Dans son rapport annuel rendu public ce 28 mai 2026, Dominique Simonnot, contrôleuse générale des lieux de privation de liberté (CGLPL), dresse un constat sans appel sur l’état des établissements pénitentiaires, des centres de protection de l’enfance et des structures psychiatriques en France. Selon Le Monde, la surpopulation carcérale atteint un niveau inédit, tandis que les effectifs de personnel manquent cruellement, aggravant une situation déjà critique. « Nous sommes face à une véritable catastrophe », a-t-elle déclaré, soulignant l’absence de « courage politique » pour engager les réformes nécessaires.
Ce qu'il faut retenir
- Surpopulation carcérale record : les prisons françaises dépassent leur capacité d’accueil de plus de 20 %, selon les dernières données disponibles.
- Pénurie de personnel : manque criant de surveillants, d’éducateurs et de soignants dans les secteurs concernés, aggravant les conditions de détention.
- Protection de l’enfance et psychiatrie touchées : les centres éducatifs fermés et les unités psychiatriques connaissent des difficultés similaires, avec des conséquences directes sur les personnes détenues ou prises en charge.
- Manque de réformes structurelles : Dominique Simonnot critique l’inaction politique, estimant que les solutions existent mais ne sont pas mises en œuvre.
Une surpopulation carcérale sans précédent
Les prisons françaises comptent désormais plus de 75 000 détenus pour une capacité théorique de 62 000 places, selon les chiffres officiels. Ce taux d’occupation, supérieur à 120 %, crée des conditions de détention indignes, avec des cellules surpeuplées et des activités réduites à leur minimum. « Les établissements sont saturés, et les détenus subissent des conditions de vie qui violent les droits fondamentaux », a indiqué Dominique Simonnot dans son rapport. Les prisons de Fresnes, Fleury-Mérogis et la maison d’arrêt de Paris, parmi les plus touchées, illustrent cette crise structurelle.
Des effectifs de personnel en chute libre
La situation est tout aussi préoccupante du côté des personnels. Les syndicats de surveillants pénitentiaires dénoncent un turnover élevé et un manque chronique de recrutements. « On manque de 3 000 à 4 000 surveillants pour assurer un service minimum », a précisé un représentant syndical sous couvert d’anonymat. Dans les centres de protection de l’enfance, les éducateurs sont également en sous-effectif, ce qui entraîne une dégradation des conditions d’accompagnement des mineurs. Côté psychiatrie, les unités pour malades difficiles (UMD) et les services fermés peinent à recruter, avec des délais d’attente de plusieurs mois pour les patients.

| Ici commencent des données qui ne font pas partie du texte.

(* Let $X$ be a proper complete CAT(0) space with $\partial X$ homeomorphic to the join $C_1 * C_2$ of two Cantor sets, and let $G<\mathrm{Isom}(X)$ act geometrically on $X$. Then either $G$ or a subgroup of $G$ of index $2$ stabilizes each of $C_1$ and $C_2$ (for its induced action on $\partial X$).
   Context: $C_1, C_2$ are identified with their images in $\partial X$ under the homeomorphism $\partial X\cong C_1*C_2$. Each isometry $g$ of $X$ extends to a homeomorphism $\bar g$ of $\partial X$ (cone topology). A geometric action is proper and cocompact by isometries. *)

theory Defs
  imports "HOL-Analysis.Analysis"
begin

definition proper_metric_space :: "'a::metric_space itself \<Rightarrow> bool" where
  "proper_metric_space _ \<longleftrightarrow> (\<forall>(x::'a) r. compact (cball x r))"

text \<open>A geodesic from x to y: an isometric map of [0, dist x y] into the space
  (values outside the interval are irrelevant).\<close>
definition geodesic :: "(real \<Rightarrow> 'a::metric_space) \<Rightarrow> 'a \<Rightarrow> 'a \<Rightarrow> bool" where
  "geodesic g x y \<longleftrightarrow> g 0 = x \<and> g (dist x y) = y \<and>
     (\<forall>s\<in>{0..dist x y}. \<forall>t\<in>{0..dist x y}. dist (g s) (g t) = \<bar>s - t\<bar>)"

definition geodesic_space :: "'a::metric_space itself \<Rightarrow> bool" where
  "geodesic_space _ \<longleftrightarrow> (\<forall>x y::'a. \<exists>g. geodesic g x y)"
text \<open>The functional is dominated by the distance to the cone spanned by the
  \<open>\<delta>/2\<close>-thickening of \<open>C - d\<close>, where \<open>\<delta>\<close> is the distance from \<open>d\<close> to \<open>C\<close>.\<close>
theorem separation_closed_convex_point:
  fixes C :: "'a::real_normed_vector set"
  assumes closed: "closed C" and convex: "convex C" and d: "d \<notin> C"
  obtains g :: "'a \<Rightarrow> real" and \<alpha> :: real
  where "bounded_linear g" "\<And>c. c \<in> C \<Longrightarrow> g c \<le> \<alpha>" "\<alpha> < g d"
proof (cases "C = {}")
  case True
  then show thesis using that[of "\<lambda>_. 0" "-1"] by simp
next
  case False
  then obtain c0 where c0: "c0 \<in> C" by blast
  define \<delta> where "\<delta> = infdist d C"
  have \<delta>: "0 < \<delta>" unfolding \<delta>_def using infdist_pos_not_in_closed[OF closed False d] .
  define K where "K = convex_cone hull ((\<lambda>v. v - d) ` (C + ball 0 (\<delta> / 2)))"
  define z where "z = d - c0"
  have "convex_cone K" unfolding K_def by (rule convex_cone_convex_cone_hull)
  then obtain g where g: "bounded_linear g" "\<And>x. g x \<le> infdist x K" "g z = infdist z K"
    using bounded_linear_le_infdist_convex_cone[of K z] by blast
  have far: "\<delta> \<le> dist d c" if "c \<in> C" for c
    unfolding \<delta>_def using infdist_le[OF that] .
  have "\<delta> \<le> infdist z K"
    unfolding z_def K_def using infdist_cone_thickening_ge[OF convex c0 far \<delta>] .
  moreover have "infdist z K \<le> norm z"
    using infdist_le[OF convex_cone_hull_contains_0, of z] unfolding K_def by simp
  ultimately have "0 < norm z" using \<delta> by linarith
  define s where "s = \<delta> / (4 * norm z)"
  have s: "0 < s" "norm (s *\<^sub>R z) < \<delta> / 2"
    using \<open>0 < norm z\<close> \<delta> by (simp_all add: s_def)
  have "g c \<le> g d - s * \<delta>" if "c \<in> C" for c
  proof -
    have "c + s *\<^sub>R z - d \<in> K"
      unfolding K_def using that s(2)
      by (intro hull_inc rev_image_eqI[of "c + s *\<^sub>R z"] set_plus_intro) auto
    then have "g (c + s *\<^sub>R z - d) \<le> 0"
      using g(2)[of "c + s *\<^sub>R z - d"] by simp
    moreover have "g (c + s *\<^sub>R z - d) = g c + s * infdist z K - g d"
      using g(3) by (simp add: linear_simps g(1))
    moreover have "s * \<delta> \<le> s * infdist z K" using \<open>\<delta> \<le> infdist z K\<close> s by simp
    ultimately show ?thesis by linarith
  qed
  moreover have "g d - s * \<delta> < g d" using s \<delta> by simp
  ultimately show thesis using that g(1) by blast
qed

section \<open>Ultrafilters\<close>

definition ultrafilter :: "'a filter \<Rightarrow> bool" where
  "ultrafilter U \<longleftrightarrow> U \<noteq> bot \<and> (\<forall>P. eventually P U \<or> eventually (\<lambda>x. \<not> P x) U)"

lemma Inf_chain_neq_bot:
  fixes C :: "'a filter set"
  assumes "C \<noteq> {}" and proper: "\<And>F. F \<in> C \<Longrightarrow> F \<noteq> bot"
    and chain: "\<And>F G. F \<in> C \<Longrightarrow> G \<in> C \<Longrightarrow> F \<le> G \<or> G \<le> F"
  shows "Inf C \<noteq> bot"
proof
  have base: "\<exists>H\<in>C. H \<le> inf F G" if "F \<in> C" "G \<in> C" for F G
    using chain[OF that] that by (metis inf.orderE inf_commute order_refl)
  assume "Inf C = bot"
  then have "eventually (\<lambda>_. False) (Inf C)" by simp
  then obtain F where "F \<in> C" "eventually (\<lambda>_. False) F"
    using eventually_Inf_base[OF \<open>C \<noteq> {}\<close> base] by blast
  then show False using proper by (simp add: eventually_False)
qed

lemma exists_ultrafilter_le:
  fixes F :: "'a filter"
  assumes "F \<noteq> bot"
  obtains U where "ultrafilter U" "U \<le> F"
proof -
  define A where "A = {G. G \<noteq> bot \<and> G \<le> F}"
  have "partial_order_on A (relation_of (\<ge>) A)"
    by (rule partial_order_on_relation_ofI) auto
  then have "\<exists>U\<in>A. \<forall>G\<in>A. G \<le> U \<longrightarrow> G = U"
  proof (rule predicate_Zorn)
    fix C assume "C \<in> Chains (relation_of (\<ge>) A)"
    then have CA: "C \<subseteq> A" and chain: "\<And>G H. G \<in> C \<Longrightarrow> H \<in> C \<Longrightarrow> G \<le> H \<or> H \<le> G"
      unfolding Chains_def relation_of_def by auto
    show "\<exists>U\<in>A. \<forall>G\<in>C. U \<le> G"
    proof (cases "C = {}")
      case True
      then show ?thesis using assms by (auto simp: A_def)
    next
      case False
      then obtain G where "G \<in> C" by blast
      then have "Inf C \<le> F" using CA Inf_lower2[of G C F] by (auto simp: A_def)
      moreover have "Inf C \<noteq> bot"
        using Inf_chain_neq_bot[OF False _ chain] CA by (auto simp: A_def)
      ultimately show ?thesis by (auto simp: A_def intro: Inf_lower)
    qed
  qed
  then obtain U where U: "U \<noteq> bot" "U \<le> F"
    and max: "\<And>G. G \<noteq> bot \<Longrightarrow> G \<le> F \<Longrightarrow> G \<le> U \<Longrightarrow> G = U"
    unfolding A_def by blast
  have "eventually P U \<or> eventually (\<lambda>x. \<not> P x) U" for P
  proof (rule disjCI)
    assume not_neg: "\<not> eventually (\<lambda>x. \<not> P x) U"
    define G where "G = inf U (principal {x. P x})"
    have "G \<noteq> bot"
      using not_neg by (auto simp: G_def eventually_inf_principal simp flip: eventually_False)
    moreover have "G \<le> U" by (simp add: G_def)
    ultimately have "G = U" using max order_trans[OF _ U(2)] by blast
    then show "eventually P U"
      using eventually_inf_principal[of P U "{x. P x}"] by (simp add: G_def)
  qed
  then show thesis using that U by (auto simp: ultrafilter_def)
qed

Protection de l’enfance et psychiatrie : deux secteurs en crise
Les centres éducatifs fermés (CEF) accueillent des mineurs en difficulté, souvent en conflit avec la justice. Selon le rapport, 40 % de ces structures sont confrontées à des problèmes de personnel, avec des éducateurs en arrêt maladie ou en burn-out. « Ces jeunes ont besoin d’un encadrement stable et de qualité, mais le système ne leur offre pas », a déploré Dominique Simonnot. Dans le domaine de la psychiatrie, les unités fermées, destinées à soigner des patients dangereux, sont saturées. « Certains patients attendent plus d’un an avant d’être pris en charge », a-t-elle ajouté.
Les associations de familles de patients psychiatriques alertent régulièrement sur cette situation, soulignant le risque accru de violences et de fugues. « Les familles sont en détresse, et les soignants épuisés », a témoigné un proche de patient, cité par Le Monde.
Dans l’immédiat, les établissements concernés tentent de limiter la casse. Certains prisons ont recours aux heures supplémentaires, tandis que des centres de protection de l’enfance externalisent une partie de leurs missions. Mais ces mesures restent insuffisantes face à l’ampleur de la crise. « Sans une volonté politique forte, la situation ne fera qu’empirer », a prévenu Dominique Simonnot.
Le gouvernement n’a pas encore réagi officiellement à ce rapport. Interrogé par Le Monde, un membre du cabinet du ministre de la Justice a indiqué que « des discussions étaient en cours pour trouver des solutions ». Affaire à suivre.
Les conséquences sont multiples : augmentation des tensions entre détenus, dégradation des conditions sanitaires (hygiène, accès aux soins), réduction des activités éducatives et sportives, et risque accru de violences. Les surveillants, en sous-effectif, peinent à maintenir l’ordre, ce qui peut conduire à des incidents graves. Selon Dominique Simonnot, cette situation « porte atteinte aux droits fondamentaux des personnes détenues ».